And that's a great philosophy until your email gets rejected by some service tha...

jwecker · on Sept 8, 2016

Back when SMTP servers still had remnants of UUCP etc.- where the address could actually contain characters that specify intermediate servers to route to, I would have argued that front-end sanitization was important as, for example, html sanitization from end-users from a security perspective.

However, IETF made lots of progress simplifying things- to the point where, at the very least, the standard tells us specifically that we should leave it up to the destination host to interpret the local part of the email address-- that is, the thing to the right of the @ should be given the thing on the left unmolested ideally- even being ignored by intermediate relay servers. Since that's what most people complain about, any validation to the left of the @ should become extinct.

But off the top of my head that still leaves the thing on the right of the @ (such as localhost), buffer overflows by allowing longer strings than the standard allows (those limits do exist), and the problem with multiple @ which the MTA may or may not handle well... Since I'm not a security expert I'm going to go out on a limb and assume that I'm missing a bunch of other things.

My point is not that the article is wrong, though- my point is that if he wanted to convince me to only validate by sending the email on any string, he should convince me that those security concerns are not an issue- not that it's not good at catching type-os.

Kadin · on Sept 8, 2016

I think there is a reasonable middle-ground for validating the domain side of an email address. There are RFCs on all this stuff; it's not just a total free-for-all. The RFCs just aren't nearly as strict as a lot of badly-designed validation regexps are, presumably because most people are unaware of the diversity of acceptable email addresses.

The currently operative RFC is 5322, specifically section 3.4.1: https://tools.ietf.org/html/rfc5322#section-3.4.1

There are some basic rules that you could safely apply to an address, which would prevent some attacks (buffer overflows, etc.) while also not blocking any legitimate addresses.
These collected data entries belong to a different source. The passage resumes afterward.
(* Let $G$ be a group and $O'\subset O$ two equipments of $G$ with $O$ finite, such that the elements of $O'$ generate $G$. Then $a_{(G,O)}\le a_{(G,O')}$; in particular, if $a_{(G,O')}=1$ then $a_{(G,O)}=1$.
   Context: An equipment of $G$ is a subset which is a union of finitely many conjugacy classes of $G$ and does not contain $1$. For an equipment $O$ generating $G$, let $\widehat G_O$ be the group with generators $y_g$ ($g\in O$) and relations $y_h^{-1}y_gy_h=y_{h^{-1}gh}$ for all $g,h\in O$, and $\beta:\widehat G_O\to G$, $y_g\mapsto g$, with kernel $H$ (central). The ambiguity index is $a_{(G,O)}=|H\cap[\widehat G_O,\widehat G_O]|$. *)

theory Defs
  imports "HOL-Algebra.Algebra" "HOL-Library.Extended_Nat"
begin

definition conj_class :: "('a, 'b) monoid_scheme \<Rightarrow> 'a \<Rightarrow> 'a set" where
  "conj_class G x = {inv\<^bsub>G\<^esub> g \<otimes>\<^bsub>G\<^esub> x \<otimes>\<^bsub>G\<^esub> g | g. g \<in> carrier G}"

definition equipment :: "('a, 'b) monoid_scheme \<Rightarrow> 'a set \<Rightarrow> bool" where
  "equipment G E \<longleftrightarrow> E \<subseteq> carrier G \<and> \<one>\<^bsub>G\<^esub> \<notin> E \<and>
     (\<exists>S. finite S \<and> S \<subseteq> carrier G \<and> E = (\<Union>x\<in>S. conj_class G x))"

(* Words in the generators y_g (g \<in> E): a letter (g, True) stands for y_g,
   (g, False) for y_g^{-1}.  hrel is the congruence defining the presented group. *)
inductive_set hrel :: "('a, 'b) monoid_scheme \<Rightarrow> 'a set \<Rightarrow>
    ((('a \<times> bool) list) \<times> (('a \<times> bool) list)) set"
  for G :: "('a, 'b) monoid_scheme" and E :: "'a set" where
  hrefl: "w \<in> lists (E \<times> UNIV) \<Longrightarrow> (w, w) \<in> hrel G E"
| hsym: "(u, v) \<in> hrel G E \<Longrightarrow> (v, u) \<in> hrel G E"
| htrans: "(u, v) \<in> hrel G E \<Longrightarrow> (v, w) \<in> hrel G E \<Longrightarrow> (u, w) \<in> hrel G E"
| hctx: "(u, v) \<in> hrel G E \<Longrightarrow> a \<in> lists (E \<times> UNIV) \<Longrightarrow> b \<in> lists (E \<times> UNIV)
          \<Longrightarrow> (a @ u @ b, a @ v @ b) \<in> hrel G E"
| hcancel: "g \<in> E \<Longrightarrow> ([(g, e), (g, \<not> e)], []) \<in> hrel G E"
| hconj: "g \<in> E \<Longrightarrow> h \<in> E \<Longrightarrow>
          ([(h, False), (g, True), (h, True)], [(inv\<^bsub>G\<^esub> h \<otimes>\<^bsub>G\<^esub> g \<otimes>\<^bsub>G\<^esub> h, True)]) \<in> hrel G E"

(* the group hat(G)_E = < y_g (g \<in> E) | y_h^{-1} y_g y_h = y_{h^{-1} g h} > *)
definition hatG :: "('a, 'b) monoid_scheme \<Rightarrow> 'a set \<Rightarrow> (('a \<times> bool) list set) monoid" where
  "hatG G E = \<lparr> carrier = lists (E \<times> UNIV) // hrel G E,
      monoid.mult = (\<lambda>A B. hrel G E `` ((\<lambda>(x, y). x @ y) ` (A \<times> B))),
      monoid.one = hrel G E `` {[]} \<rparr>"
lemma bij_betw_tableau_of_word_cells:
  assumes w: "w \<in> ballot_words n"
  shows "bij_betw (tableau_of_word n w) (cells3 n) {1..3*n}"
proof (rule bij_betw_imageI)
  show "inj_on (tableau_of_word n w) (cells3 n)"
  proof (rule inj_onI, clarify)
    fix i j i' j'
    assume c: "(i, j) \<in> cells3 n" "(i', j') \<in> cells3 n"
      and eq: "tableau_of_word n w (i, j) = tableau_of_word n w (i', j')"
    then show "i = i' \<and> j = j'"
      using tableau_of_word_cell(2,3)[OF w c(1)] tableau_of_word_cell(2,3)[OF w c(2)] by metis
  qed
  show "tableau_of_word n w ` cells3 n = {1..3*n}"
  proof
    show "tableau_of_word n w ` cells3 n \<subseteq> {1..3*n}"
      using tableau_of_word_cell(1)[OF w] by auto
    show "{1..3*n} \<subseteq> tableau_of_word n w ` cells3 n"
    proof
      fix k assume "k \<in> {1..3*n}"
      then have "k - 1 < 3 * n" "k = Suc (k - 1)"
        by auto
      then show "k \<in> tableau_of_word n w ` cells3 n"
        using tableau_of_word_nth[OF w] by (metis image_eqI)
    qed
  qed
qed

lemma tableau_of_word_row_increasing:
  assumes w: "w \<in> ballot_words n" and c: "(a, b) \<in> cells3 n" "(a, Suc b) \<in> cells3 n"
  shows "tableau_of_word n w (a, b) < tableau_of_word n w (a, Suc b)"
proof (rule ccontr)
  assume "\<not> ?thesis"
  then have "prefix_count a (tableau_of_word n w (a, Suc b)) w \<le> prefix_count a (tableau_of_word n w (a, b)) w"
    by (intro prefix_count_mono) simp
  then show False
    using tableau_of_word_cell(3)[OF w c(1)] tableau_of_word_cell(3)[OF w c(2)] by simp
qed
E.g. limiting the overall length to 255 characters, for instance, could be defensible practice. There are also well-defined rules for validating the domain portion, since it has to be a routable address by definition.

What nobody ought to be doing is looking too hard at the string to the left of the @ symbol, because it's designed purely as instructions to the recipient server. Nobody else needs to care about it; only the receiving mailserver needs to actually parse that part of the address, in order to put the message into the right mailbox. From what I've seen, the vast majority of false-positive validation failures occur because people are looking at the mailbox portion of an email address when they have no business doing so.